Stored data
lemma info_state_if_compressed_belief:
  fixes \<mu> :: "('x \<times> ('i::finite \<Rightarrow> 'h)) pmf" and \<nu> :: "nat \<Rightarrow> 'w pmf"
    and f :: "('x,'i,'u,'w,'z) dynamics" and \<rho> :: "nat \<Rightarrow> 'i \<Rightarrow> 'k \<Rightarrow> 'u pmf"
  assumes wf: "game_wf f A actof T" and kb: "kbased_others A T i \<rho>"
    and \<Phi>: "compressed_belief \<mu> \<nu> f A T \<iota>1 \<iota> i \<rho> \<Phi>"
  shows "info_state \<mu> \<nu> f A T \<iota>1 \<iota> i (kprof \<iota>1 \<iota> \<rho>)"
proof (rule info_state_if_compressed_step_law[OF wf,
      where \<Psi> = "\<lambda>t k a. bind_pmf (\<Phi> t k) (compressed_step_kernel \<nu> \<rho> i t a)"])
  show "set_pmf (kprof \<iota>1 \<iota> \<rho> t j h) \<subseteq> A t j" if "t \<in> {1..T}" and "j \<noteq> i" for t j h
    using kb that by (auto simp: kbased_others_def kprof_def)
next
  fix gi t h a
  let ?S = "state_at \<mu> \<nu> f (join_prof i gi (kprof \<iota>1 \<iota> \<rho>)) t"
  assume gi: "behav_strat A T i gi" and t: "t \<in> {1..T}"
    and pos: "measure_pmf.prob (step_at \<mu> \<nu> f (join_prof i gi (kprof \<iota>1 \<iota> \<rho>)) t)
      {s. fst (snd s) i = h \<and> fst (snd (snd s)) i = a} > 0"
  then obtain s where "s \<in> set_pmf (step_of \<nu> (join_prof i gi (kprof \<iota>1 \<iota> \<rho>)) t ?S)"
    and "fst (snd s) i = h"
    unfolding step_at_def by (blast dest: set_pmf_Int_nonempty_if_prob_pos)
  then have "measure_pmf.prob ?S {s. snd s i = h} > 0"
    by (intro measure_pmf_posI[OF set_pmf_step_of(1)]) auto
  then have "\<forall>x kk. measure_pmf.prob (cond_pmf ?S {s. snd s i = h})
      {s. fst s = x \<and> compress_others \<iota>1 \<iota> i (snd s) = kk} = pmf (\<Phi> t (compress \<iota>1 \<iota> i h)) (x, kk)"
    using \<Phi> gi t unfolding compressed_belief_def Let_def by blast
  then have "map_pmf (\<lambda>s. (fst s, compress_others \<iota>1 \<iota> i (snd s))) (cond_pmf ?S {s. snd s i = h})
      = \<Phi> t (compress \<iota>1 \<iota> i h)"
    by (intro pmf_eqI) (auto simp: pmf_map vimage_def)
  then show "map_pmf (compressed_step \<iota>1 \<iota> i) (cond_pmf (step_at \<mu> \<nu> f (join_prof i gi (kprof \<iota>1 \<iota> \<rho>)) t)
      {s. fst (snd s) i = h \<and> fst (snd (snd s)) i = a})
    = bind_pmf (\<Phi> t (compress \<iota>1 \<iota> i h)) (compressed_step_kernel \<nu> \<rho> i t a)"
    using map_cond_step_of_join_kprof[OF pos[unfolded step_at_def]] by (simp add: step_at_def)
qed

theorem lemma1:
  fixes \<mu> :: "('x::finite \<times> ('i::finite \<Rightarrow> 'h::finite)) pmf"
    and \<nu> :: "nat \<Rightarrow> 'w::finite pmf"
    and f :: "('x,'i,'u::finite,'w,'z::finite) dynamics"
    and A :: "nat \<Rightarrow> 'i \<Rightarrow> 'u set"
    and actof :: "nat \<Rightarrow> 'i \<Rightarrow> 'z \<Rightarrow> 'u"
    and T :: nat
    and \<iota>1 :: "'i \<Rightarrow> 'h \<Rightarrow> 'k::finite"
    and \<iota> :: "nat \<Rightarrow> 'i \<Rightarrow> 'k \<Rightarrow> 'z \<Rightarrow> 'k"
  assumes wf: "game_wf f A actof T"
    and hyp: "\<forall>i \<rho>. kbased_others A T i \<rho> \<longrightarrow>
      (\<exists>\<Phi> :: nat \<Rightarrow> 'k \<Rightarrow> ('x \<times> ('i \<Rightarrow> 'k)) pmf.
         \<forall>gi. behav_strat A T i gi \<longrightarrow>
           (\<forall>t\<in>{1..T}. \<forall>h.
              let S = state_at \<mu> \<nu> f (join_prof i gi (kprof \<iota>1 \<iota> \<rho>)) t;
                  B = {s. snd s i = h}
              in measure_pmf.prob S B > 0 \<longrightarrow>
                 (\<forall>x kk. measure_pmf.prob (cond_pmf S B)
                      {s. fst s = x \<and> restrict (\<lambda>j. compress \<iota>1 \<iota> j (snd s j)) (- {i}) = kk}
                    = pmf (\<Phi> t (compress \<iota>1 \<iota> i h)) (x, kk))))"
  shows "mutually_sufficient \<mu> \<nu> f A T \<iota>1 \<iota>"
  unfolding mutually_sufficient_def
proof (intro allI impI)
  fix i and \<rho> :: "nat \<Rightarrow> 'i \<Rightarrow> 'k \<Rightarrow> 'u pmf"
  assume kb: "kbased_others A T i \<rho>"
  with hyp obtain \<Phi> where "compressed_belief \<mu> \<nu> f A T \<iota>1 \<iota> i \<rho> \<Phi>"
    unfolding compressed_belief_def compress_others_def by blast
  with wf kb show "info_state \<mu> \<nu> f A T \<iota>1 \<iota> i (kprof \<iota>1 \<iota> \<rho>)"
    by (rule info_state_if_compressed_belief)
qed

end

◆ **Activity**
Which lines above include the word "obtain"? Show each one.

◆ **Answer**
  then obtain s where "s \<in> set_pmf (step_of \<nu> (join_prof i gi (kprof \<iota>1 \<iota> \<rho>)) t ?S)"
  with hyp obtain \<Phi> where "compressed_belief \<mu> \<nu> f A T \<iota>1 \<iota> i \<rho> \<Phi>"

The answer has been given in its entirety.